Since launching ChatGPT two years ago, OpenAI chief executive officer Sam Altman has maintained that his business is fueled by a few key ingredients: chips, data and money. The more of those three elements you shovel into his firm, like coal into a steam train’s furnace, the more powerful artificial intelligence (AI) it will produce.
Enter a tiny company from China called DeepSeek to blow a hole in that formula, with an AI model that is just as powerful and built for a fraction of the cost.
However, there’s more to this David and Goliath story than just one company — or even China.
Illustration: Mountain People
Across the world, similar open-source models are being built, ready to eat into Altman’s market share with systems that are vastly cheaper or even free to use. That is an unnerving prospect for businesses like OpenAI and Anthropic, whose primary path to profitability is selling access to a foundation model for a higher price. (Alphabet Inc’s Google and Microsoft Corp at least have cloud and software businesses to fall back on.)
Publicly available models like DeepSeek might not reign supreme in the end, but they could win an uncomfortably large share of the pie, and fulfill promises that Altman has neglected around openness and collaboration.
Upon its founding, OpenAI pledged that its researchers “will be strongly encouraged to publish their work” and that its patents would be “shared with the world.”
“We’ll freely collaborate with others across many institutions and expect to work with companies to research and deploy new technologies,” it said.
However, Gary Marcus, a professor emeritus at New York University, has long bemoaned OpenAI’s opacity and warned of an AI market crash.
“DeepSeek’s paper on [its new AI model known as] R1 was more transparent than anything I’ve seen from OpenAI since GPT-3,” Marcus says.
That openness is part of a shift happening in China. DeepSeek was founded by a hedge fund entrepreneur named Liang Wenfeng (梁文鋒), who pulled together his former employees and dozens of doctorate holders from Chinese universities to try and build human-level AI. He then harnessed 10,000 chips acquired from Nvidia Corp in 2021 (before a US crackdown on chip exports), reportedly using one-50th of the computing power that tech giants like Google, Microsoft and OpenAI have.

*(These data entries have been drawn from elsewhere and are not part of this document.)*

lemma expected_pair_reward_le_insert_edge:
  fixes w :: "'a \<times> 'a \<Rightarrow> real"
  assumes "finite V" "E \<subseteq> V \<times> V" "e \<in> V \<times> V" "s \<in> V" "e \<notin> E" "e \<notin> C" "finite C"
    and "\<forall>Ch\<in>C. fst Ch = n" "\<forall>Ch\<in>C. w Ch \<in> {0..x}" "0 \<le> x" "sigma E w s t \<noteq> 0"
  shows "expected_pair_reward E w w C s t
           \<le> expected_pair_reward (insert e E) (w(e := x)) (w(e := x)) (insert e C) s t"
proof -
  let ?w' = "w(e := x)"
  let ?T = "shortest_paths E w s t" and ?T' = "shortest_paths (insert e E) ?w' s t"
  let ?r = "path_reward w C" and ?r' = "path_reward ?w' (insert e C)"
  have T: "finite ?T" "?T \<noteq> {}"
    using assms(11) by (auto simp: sigma_def intro: card_ge_0_finite)
  have "sigma (insert e E) ?w' s t \<noteq> 0"
    by (rule sigma_insert_edge_ne_zero[OF assms(1-4,11)])
  then have T': "finite ?T'" "?T' \<noteq> {}"
    by (auto simp: sigma_def intro: card_ge_0_finite)
  have old_le: "\<forall>p\<in>?T. ?r p \<le> x"
    using path_reward_le_common_source[OF _ assms(8) _ assms(10)] assms(9)
    by (auto simp: shortest_paths_def is_path_def)
  have new_ge: "\<forall>p\<in>?T'. e \<in> set (path_edges p) \<longrightarrow> x \<le> ?r' p"
    using path_reward_ge[of "insert e C" e _ ?w'] assms(7,9,10) by auto
  have avoiding: "?r' p = ?r p" if "e \<notin> set (path_edges p)" for p
    using path_reward_insert_avoiding[OF that assms(6)] .
  have old_avoiding: "e \<notin> set (path_edges p)" if "p \<in> ?T" for p
    using that assms(5) by (auto simp: shortest_paths_def is_path_def)
  have "sum ?r ?T / real (card ?T) \<le> sum ?r' ?T' / real (card ?T')"
  proof -
    obtain p0 where "p0 \<in> ?T" using T(2) by blast
    from shortest_paths_insert_edge_avoiding[OF assms(5) this]
    consider "{p \<in> ?T'. e \<notin> set (path_edges p)} = {}"
      | "{p \<in> ?T'. e \<notin> set (path_edges p)} = ?T"
      by blast
    then show ?thesis
    proof cases
      case 1
      then have "\<forall>p\<in>?T'. x \<le> ?r' p" using new_ge by blast
      then show ?thesis
        using average_le_bound[OF T old_le] bound_le_average[OF T'] by (meson order_trans)
    next
      case 2
      let ?N = "{p \<in> ?T'. e \<in> set (path_edges p)}"
      have split: "?T' = ?T \<union> ?N" and disjoint: "?T \<inter> ?N = {}"
        using 2 by blast+
      have "sum ?r ?T = sum ?r' ?T"
        using avoiding old_avoiding by (intro sum.cong) auto
      moreover have "sum ?r' ?T / real (card ?T) \<le> sum ?r' (?T \<union> ?N) / real (card (?T \<union> ?N))"
        using average_le_average_union[OF T(1) _ T(2) disjoint, of ?r' x] T'(1) old_le new_ge
          avoiding old_avoiding by auto
      ultimately show ?thesis using split by simp
    qed
  qed
  then show ?thesis
    by (simp add: expected_pair_reward_def sigma_def)
qed

lemma TotalER_eq_sum_insert:
  assumes "finite CH" "(n, ni) \<notin> CH"
  shows "TotalER V E w CH n ni x
           = (\<Sum>Ch\<in>insert (n, ni) CH. (w((n, ni) := x)) Ch
                * ebc V (insert (n, ni) E) (w((n, ni) := x)) Ch)"
proof -
  let ?E' = "insert (n, ni) E" and ?w' = "w((n, ni) := x)"
  have "(\<Sum>Ch\<in>CH. ?w' Ch * ebc V ?E' ?w' Ch) = (\<Sum>Ch\<in>CH. w Ch * ebc V ?E' ?w' Ch)"
    using assms(2) by (intro sum.cong) auto
  then show ?thesis
    using assms by (simp add: TotalER_def Let_def)
qed

theorem theorem4:
  fixes V :: "'a set" and E :: "('a \<times> 'a) set" and w :: "'a \<times> 'a \<Rightarrow> real"
    and n ni :: 'a and fmax :: real and CH :: "('a \<times> 'a) set"
  assumes "finite V"
    and "E \<subseteq> V \<times> V"
    and "\<forall>e\<in>E. w e > 0"
    and "n \<in> V"
    and "fmax \<ge> 1"
    and "CH \<subseteq> E"
    and "\<forall>Ch\<in>CH. fst Ch = n"
    and "\<forall>Ch\<in>CH. w Ch \<in> {1..fmax}"
    and "ni \<in> V - {n}"
    and "(n, ni) \<notin> CH"
    and "(n, ni) \<notin> E"
  shows "\<exists>x\<in>{1..fmax}. TotalER V E w CH n ni x \<ge> (\<Sum>Ch\<in>CH. w Ch * ebc V E w Ch)"
proof (rule bexI[of _ fmax])
  let ?e = "(n, ni)" and ?E' = "insert (n, ni) E" and ?w' = "w((n, ni) := fmax)"
  have finite_CH: "finite CH"
    using assms(1,2,6) by (meson finite_SigmaI finite_subset)
  have e: "?e \<in> V \<times> V" using assms(4,9) by simp
  have fees: "\<forall>Ch\<in>CH. w Ch \<in> {0..fmax}" using assms(8) by auto
  have fees': "\<forall>Ch\<in>insert ?e CH. 0 \<le> ?w' Ch" using assms(5,8) by auto
  have "(\<Sum>Ch\<in>CH. w Ch * ebc V E w Ch)
      = (\<Sum>(s, t)\<in>connected_pairs V E w. expected_pair_reward E w w CH s t)"
    by (rule sum_weighted_ebc[OF finite_CH])
  also have "\<dots> \<le> (\<Sum>(s, t)\<in>connected_pairs V E w. expected_pair_reward ?E' ?w' ?w' (insert ?e CH) s t)"
    using expected_pair_reward_le_insert_edge[OF assms(1,2) e _ assms(11,10) finite_CH assms(7) fees]
      assms(5) by (intro sum_mono) (auto simp: connected_pairs_def)
  also have "\<dots> \<le> (\<Sum>(s, t)\<in>connected_pairs V ?E' ?w'. expected_pair_reward ?E' ?w' ?w' (insert ?e CH) s t)"
    by (intro sum_mono2 finite_connected_pairs[OF assms(1)] connected_pairs_insert_edge[OF assms(1,2) e])
      (clarsimp intro!: expected_pair_reward_nonneg[OF fees'])
  also have "\<dots> = (\<Sum>Ch\<in>insert ?e CH. ?w' Ch * ebc V ?E' ?w' Ch)"
    by (rule sum_weighted_ebc[symmetric]) (simp add: finite_CH)
  also have "\<dots> = TotalER V E w CH n ni fmax"
    by (rule TotalER_eq_sum_insert[symmetric, OF finite_CH assms(10)])
  finally show "TotalER V E w CH n ni fmax \<ge> (\<Sum>Ch\<in>CH. w Ch * ebc V E w Ch)" .
  show "fmax \<in> {1..fmax}" using assms(5) by simp
qed

end
lemma expected_suboptimality_le_powr:
  assumes c: "\<And>t. c t = gain (sgd_iterate c w0 t) * \<eta>" and T: "T \<noteq> 0"
  shows "(\<integral>\<omega>. F (sgd_iterate c w0 T \<omega>) - Fstar \<partial>P)
    \<le> (1 - \<gamma>) powr (\<Sum>s<T. gain (sgd_iterate c w0 s)) * (F w0 - Fstar) + \<Delta>"
proof -
  have "(\<Prod>s<T. 1 - gain (sgd_iterate c w0 s) * \<gamma>) \<le> (\<Prod>s<T. (1 - \<gamma>) powr gain (sgd_iterate c w0 s))"
    using contraction_factor_bounds by (intro prod_mono) auto
  also have "\<dots> = (1 - \<gamma>) powr (\<Sum>s<T. gain (sgd_iterate c w0 s))"
    using T by (subst powr_sum_nonempty) auto
  finally have "(\<Prod>s<T. 1 - gain (sgd_iterate c w0 s) * \<gamma>) * (F w0 - Fstar)
      \<le> (1 - \<gamma>) powr (\<Sum>s<T. gain (sgd_iterate c w0 s)) * (F w0 - Fstar)"
    using Fstar_min by (intro mult_right_mono) auto
  with expected_suboptimality_le_prod[OF c, of T] show ?thesis by linarith
qed

end

theorem theorem2:
  fixes P :: "'o measure" and M :: "'x measure"
    and f :: "'a::euclidean_space \<Rightarrow> 'x \<Rightarrow> real" and g :: "'a \<Rightarrow> 'x \<Rightarrow> 'a"
    and F :: "'a \<Rightarrow> real" and gradF :: "'a \<Rightarrow> 'a"
    and xs :: "nat \<Rightarrow> nat \<Rightarrow> 'o \<Rightarrow> 'x"
    and \<alpha> \<beta> V Fstar \<eta> \<gamma> \<Delta> TSI :: real and S :: nat and w0 :: 'a
  assumes P: "prob_space P" and M: "prob_space M"
    and batches_indep: "prob_space.indep_vars P (\<lambda>_. M) (\<lambda>(t, i). xs t i) (UNIV \<times> {..<S})"
    and batches_distr: "\<And>t i. i < S \<Longrightarrow> distr P M (xs t i) = M"
    and g_meas: "(\<lambda>(w, x). g w x) \<in> borel_measurable (borel \<Otimes>\<^sub>M M)"
    and f_grad: "\<And>w x. ((\<lambda>v. f v x) has_derivative (\<lambda>h. g w x \<bullet> h)) (at w)"
    and F_grad: "\<And>w. (F has_derivative (\<lambda>h. gradF w \<bullet> h)) (at w)"
    and F_int: "\<And>w. integrable M (f w)"
    and F_def: "\<And>w. F w = (\<integral>x. f w x \<partial>M)"
    and g_int: "\<And>w. integrable M (g w)"
    and g_sq_int: "\<And>w. integrable M (\<lambda>x. (norm (g w x))^2)"
    and unbiased: "\<And>w. (\<integral>x. g w x \<partial>M) = gradF w"
    and Fstar_min: "\<And>w. Fstar \<le> F w" and Fstar_att: "\<exists>w. F w = Fstar"
    and \<alpha>_pos: "\<alpha> > 0" and \<beta>_pos: "\<beta> > 0" and V_nonneg: "V \<ge> 0"
    and PL: "\<And>w. F w - Fstar \<le> 1 / (2 * \<alpha>) * (norm (gradF w))^2"
    and smooth: "\<And>w w'. norm (gradF w - gradF w') \<le> \<beta> * norm (w - w')"
    and bounded_var: "\<And>w. grad_var M g w \<le> V"
    and \<eta>_pos: "0 < \<eta>" and \<eta>_bound: "\<eta> < 2 / \<beta>"
    and \<gamma>_def: "\<gamma> = \<eta> * \<alpha> * (2 - \<eta> * \<beta>)"
    and \<Delta>_def: "\<Delta> = 1 / (2 * \<gamma>) * \<eta>^2 * \<beta> * V"
    and S_pos: "S \<ge> 1" and S_bound: "real S \<le> 1 / \<gamma>"
    and TSI_pos: "TSI > 0"
  shows "let T = adascale_T P M g gradF S (\<lambda>_. \<eta>) w0 xs TSI;
             rbar = (\<Sum>t<T. adascale_r P M g gradF S (\<lambda>_. \<eta>) w0 xs t) / real T;
             wT = fst (adascale_state P M g gradF S (\<lambda>_. \<eta>) w0 xs T)
         in (\<integral>\<omega>. F (wT \<omega>) - Fstar \<partial>P)
              \<le> (1 - \<gamma>) powr (rbar * real T) * (F w0 - Fstar) + \<Delta>"
proof -
  interpret smooth_pl_sgd M g gradF P xs S F Fstar \<alpha> \<beta> V \<eta> \<gamma> \<Delta>
    by (intro smooth_pl_sgd.intro minibatch_sampling.intro stochastic_gradient.intro
        minibatch_sampling_axioms.intro smooth_pl_sgd_axioms.intro) (fact assms)+
  define r where "r t = adascale_r P M g gradF S (\<lambda>_. \<eta>) w0 xs t" for t
  define c where "c t = r t * \<eta>" for t
  have state: "adascale_state P M g gradF S (\<lambda>_. \<eta>) w0 xs t = (sgd_iterate c w0 t, \<Sum>s<t. r s)" for t
    unfolding r_def by (rule adascale_state_eq_sgd_iterate) (simp add: c_def r_def)
  have r_eq: "r t = gain (sgd_iterate c w0 t)" for t
  proof -
    have "r t = gain (fst (adascale_state P M g gradF S (\<lambda>_. \<eta>) w0 xs t))"
      unfolding r_def adascale_r_def ..
    then show ?thesis by (simp only: state fst_conv)
  qed
  have c_eq: "c t = gain (sgd_iterate c w0 t) * \<eta>" for t
    using c_def[of t] by (simp only: r_eq)
  define T where "T = adascale_T P M g gradF S (\<lambda>_. \<eta>) w0 xs TSI"
  have "T \<noteq> 0"
    unfolding T_def adascale_T_def state snd_conv
    using Least_partial_sum_ge_neq_0[of r TSI] gain_iterate(1) TSI_pos by (simp add: r_eq)
  then have "(\<Sum>t<T. r t) / real T * real T = (\<Sum>t<T. r t)" by simp
  with expected_suboptimality_le_powr[OF c_eq \<open>T \<noteq> 0\<close>] show ?thesis
    unfolding Let_def T_def[symmetric] r_def[symmetric] state by (simp add: r_eq)
qed

end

As those companies try and explain their eye-wateringly high AI capex numbers to investors, they will do their best to offer some hope. Having fretted about the diminishing returns of so-called scaling laws that underpinned Altman’s more-is-better formula, here they now have the blueprints for circumventing those requirements, thanks to DeepSeek.
The Chinese company has put most of the details about R1 on the Internet, something that OpenAI and Google would not do today. Its breakthrough is essentially a novel approach to so-called reward modeling, according to one summary of the findings.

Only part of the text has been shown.